I met a man recently who literally had just been released from jail and found his way to our church by way of recommendation of one of our homeless community members. He was in jail as a direct result of using a substance to numb his feelings of pain. This happened in November. Back in January, he hadn’t touched anything stronger than Advil for the past 8 years. But a painful anniversary came around. Then something tragic with his dad. He was depressed and struggling when a friend said he had something that would perk him up a little “just to get him through the night shift”. That started a 10-month struggle once the guilt kicked in. Then more use to numb the fact he’d made a huge mistake. And the cycle was set in motion. Uncomfortable pain–> bad choices–> escape–> relief–> possibly more poor choices–> regret & shame –>the need to forget what just happened and/or the “who gives a care now” attitude.
What’s the alternative?
There are people who throw themselves into work
There are people who binge watch Netflix
There are people who exercise a couple hours a day
There are people who re-organize their whole house
There are people who start new projects….

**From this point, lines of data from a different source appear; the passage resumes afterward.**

(* Suppose $C\in\mathcal{C}^3_{\rm c}$ satisfies $d_\infty(C,\psi(C))\neq0$. Then $C$ is a discontinuity point of the mapping $\psi:\mathcal{C}^3_{\rm c}\to\mathcal{C}^3_{\rm c}$ (with $d_\infty$ on both domain and codomain). In other words, every non-simplified $C\in\mathcal{C}^3_{\rm c}$ is a discontinuity point of $\psi$.
   Context: $\mathbb{I}=[0,1]$, $\lambda$ Lebesgue measure; $d_\infty(C_1,C_2)=\max_{\mathbf{x}\in\mathbb{I}^3}|C_1(\mathbf{x})-C_2(\mathbf{x})|$. Points of $\mathbb{I}^3$ are written $(\mathbf{u},v)$, $\mathbf{u}=(u_1,u_2)$. For a three-dimensional copula $C$, $K_C$ is (a version of) the regular conditional distribution of $(U_1,U_2)$ given $U_3=v$, $(U_1,U_2,U_3)\sim C$; $F_{1|3}(u_1|t)=K_C(t,[0,u_1]\times\mathbb{I})$, $F_{2|3}(u_2|t)=K_C(t,\mathbb{I}\times[0,u_2])$. $\mathcal{C}^3_{\rm c}$ is the set of three-dimensional copulas for which $F_{1|3}(\cdot|t)$ and $F_{2|3}(\cdot|t)$ are continuous for $\lambda$-a.e. $t$; for such $C$, for a.e. $t$ the conditional copula $C^t_{12;3}$ is the unique bivariate copula with $K_C(t,[\mathbf{0},\mathbf{u}])=C^t_{12;3}(F_{1|3}(u_1|t),F_{2|3}(u_2|t))$. $C\in\mathcal{C}^3_{\rm c}$ is simplified if there is a bivariate copula $A$ with $C(\mathbf{u},v)=\int_{[0,v]}A(F_{1|3}(u_1|t),F_{2|3}(u_2|t))\,d\lambda(t)$ for all $(\mathbf{u},v)$. The partial copula is $C_p(\mathbf{s})=\int_{\mathbb{I}}C^t_{12;3}(\mathbf{s})\,d\lambda(t)$ and $\psi(C)(\mathbf{u},v)=\int_{[0,v]}C_p(F_{1|3}(u_1|t),F_{2|3}(u_2|t))\,d\lambda(t)$ (the partial vine copula of $C$). *)

theory Defs
  imports "HOL-Probability.Probability"
begin

definition copula2 :: "(real \<Rightarrow> real \<Rightarrow> real) \<Rightarrow> bool" where
  "copula2 A \<longleftrightarrow>
     (\<forall>u\<in>{0..1}. A 0 u = 0 \<and> A u 0 = 0 \<and> A u 1 = u \<and> A 1 u = u) \<and>
     (\<forall>a1\<in>{0..1}. \<forall>b1\<in>{0..1}. \<forall>a2\<in>{0..1}. \<forall>b2\<in>{0..1}.
        a1 \<le> b1 \<longrightarrow> a2 \<le> b2 \<longrightarrow> A b1 b2 - A a1 b2 - A b1 a2 + A a1 a2 \<ge> 0)"

text \<open>Three-dimensional copula; arguments are (u1, u2, v).\<close>
definition copula3 :: "(real \<Rightarrow> real \<Rightarrow> real \<Rightarrow> real) \<Rightarrow> bool" where
  "copula3 C \<longleftrightarrow>
     (\<forall>x\<in>{0..1}. \<forall>y\<in>{0..1}. C 0 x y = 0 \<and> C x 0 y = 0 \<and> C x y 0 = 0) \<and>
     (\<forall>x\<in>{0..1}. C x 1 1 = x \<and> C 1 x 1 = x \<and> C 1 1 x = x) \<and>
     (\<forall>a1\<in>{0..1}. \<forall>b1\<in>{0..1}. \<forall>a2\<in>{0..1}. \<forall>b2\<in>{0..1}. \<forall>a3\<in>{0..1}. \<forall>b3\<in>{0..1}.
        a1 \<le> b1 \<longrightarrow> a2 \<le> b2 \<longrightarrow> a3 \<le> b3 \<longrightarrow>
        C b1 b2 b3 - C a1 b2 b3 - C b1 a2 b3 - C b1 b2 a3
          + C a1 a2 b3 + C a1 b2 a3 + C b1 a2 a3 - C a1 a2 a3 \<ge> 0)"

text \<open>K is (a version of) the regular conditional distribution of (U1,U2) given U3 = t,
  where (U1,U2,U3) ~ C: a Markov kernel from I to the Borel sets of I^2 with
  C(u1,u2,v) = integral over [0,v] of K(t,[0,u1] x [0,u2]).\<close>
definition cond_kernel :: "(real \<Rightarrow> real \<Rightarrow> real \<Rightarrow> real) \<Rightarrow> (real \<Rightarrow> (real \<times> real) measure) \<Rightarrow> bool" where
  "cond_kernel C K \<longleftrightarrow>
     (\<forall>t. prob_space (K t) \<and> sets (K t) = sets (borel :: (real \<times> real) measure) \<and>
          emeasure (K t) ({0..1} \<times> {0..1}) = 1) \<and>
     (\<forall>A \<in> sets (borel :: (real \<times> real) measure). (\<lambda>t. measure (K t) A) \<in> borel_measurable lborel) \<and>
     (\<forall>u1\<in>{0..1}. \<forall>u2\<in>{0..1}. \<forall>v\<in>{0..1}.
        C u1 u2 v = (LINT t:{0..v}|lborel. measure (K t) ({0..u1} \<times> {0..u2})))"

definition F13 :: "(real \<Rightarrow> (real \<times> real) measure) \<Rightarrow> real \<Rightarrow> real \<Rightarrow> real" where
  "F13 K u1 t = measure (K t) ({0..u1} \<times> {0..1})"

definition F23 :: "(real \<Rightarrow> (real \<times> real) measure) \<Rightarrow> real \<Rightarrow> real \<Rightarrow> real" where
  "F23 K u2 t = measure (K t) ({0..1} \<times> {0..u2})"

definition C3c :: "(real \<Rightarrow> real \<Rightarrow> real \<Rightarrow> real) set" where
  "C3c = {C. copula3 C \<and> (\<exists>K. cond_kernel C K \<and>
            (AE t in lborel. t \<in> {0..1} \<longrightarrow>
               continuous_on UNIV (\<lambda>x. F13 K x t) \<and> continuous_on UNIV (\<lambda>x. F23 K x t)))}"

text \<open>Conditional copula C^t_{12;3} (unique for a.e. t when C is in C3c).\<close>
definition cond_copula :: "(real \<Rightarrow> (real \<times> real) measure) \<Rightarrow> real \<Rightarrow> real \<Rightarrow> real \<Rightarrow> real" where
  "cond_copula K t = (SOME A. copula2 A \<and>
     (\<forall>u1\<in>{0..1}. \<forall>u2\<in>{0..1}.
        measure (K t) ({0..u1} \<times> {0..u2}) = A (F13 K u1 t) (F23 K u2 t)))"

definition partial_copula :: "(real \<Rightarrow> (real \<times> real) measure) \<Rightarrow> real \<Rightarrow> real \<Rightarrow> real" where
  "partial_copula K s1 s2 = (LINT t:{0..1}|lebesgue. cond_copula K t s1 s2)"

definition psi :: "(real \<Rightarrow> real \<Rightarrow> real \<Rightarrow> real) \<Rightarrow> (real \<Rightarrow> real \<Rightarrow> real \<Rightarrow> real)" where
  "psi C u1 u2 v = (let K = (SOME K. cond_kernel C K) in
     LINT t:{0..v}|lebesgue. partial_copula K (F13 K u1 t) (F23 K u2 t))"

The thing is – this is still getting away from the negative emotions but in a healthier, non-destructive way (if responsibilities are still tended to). All of us have episodes when we wish we did not have to feel uncomfortable or painful emotions. That is just part of life. There is no getting out of it. There is no “one size fits all” solution to negative emotions~ especially strong ones. There are things that can help you navigate tough times:
- Give it to God, do your best part then allow time to do its part until your next step.
- Build a supportive friend network when times are good. Learn to share good(& slightly off) days with them. Be available for them in distress and know who you can turn to when times are hard for you as well.
- Run choices & decisions by someone trusted. And be willing to accept, that since this person should not be emotionally involved, they can better see clearly the best overall options for you.
- Seek help wherever you can find it. Notice I said “help” not “escape” and not “pity”. Who has knowledge and/or resources to assist you in navigating you journey at this point?
We have to face our hurdles, obstacles, sinkholes even. We need to accept and feel our emotions. They will pass. Maybe not in 20 minutes; yet, life will go on. Our job is to not make life worse while we experience disappointments.
Feel your feelings
Accept the facts as they are
Give it to God and ask for strength, wisdom, mercy and grace
When calm look at options for your next step
When you get to the waiting point – turn to something productive, peaceful, and positive to take your mind off the pain.
When temptation comes to escape within 20 minutes tell someone you trust. Let them help you make better choices or be with you on the phone until the urge passes.
Know that this too will pass.
With God you are strong enough! You two have got this!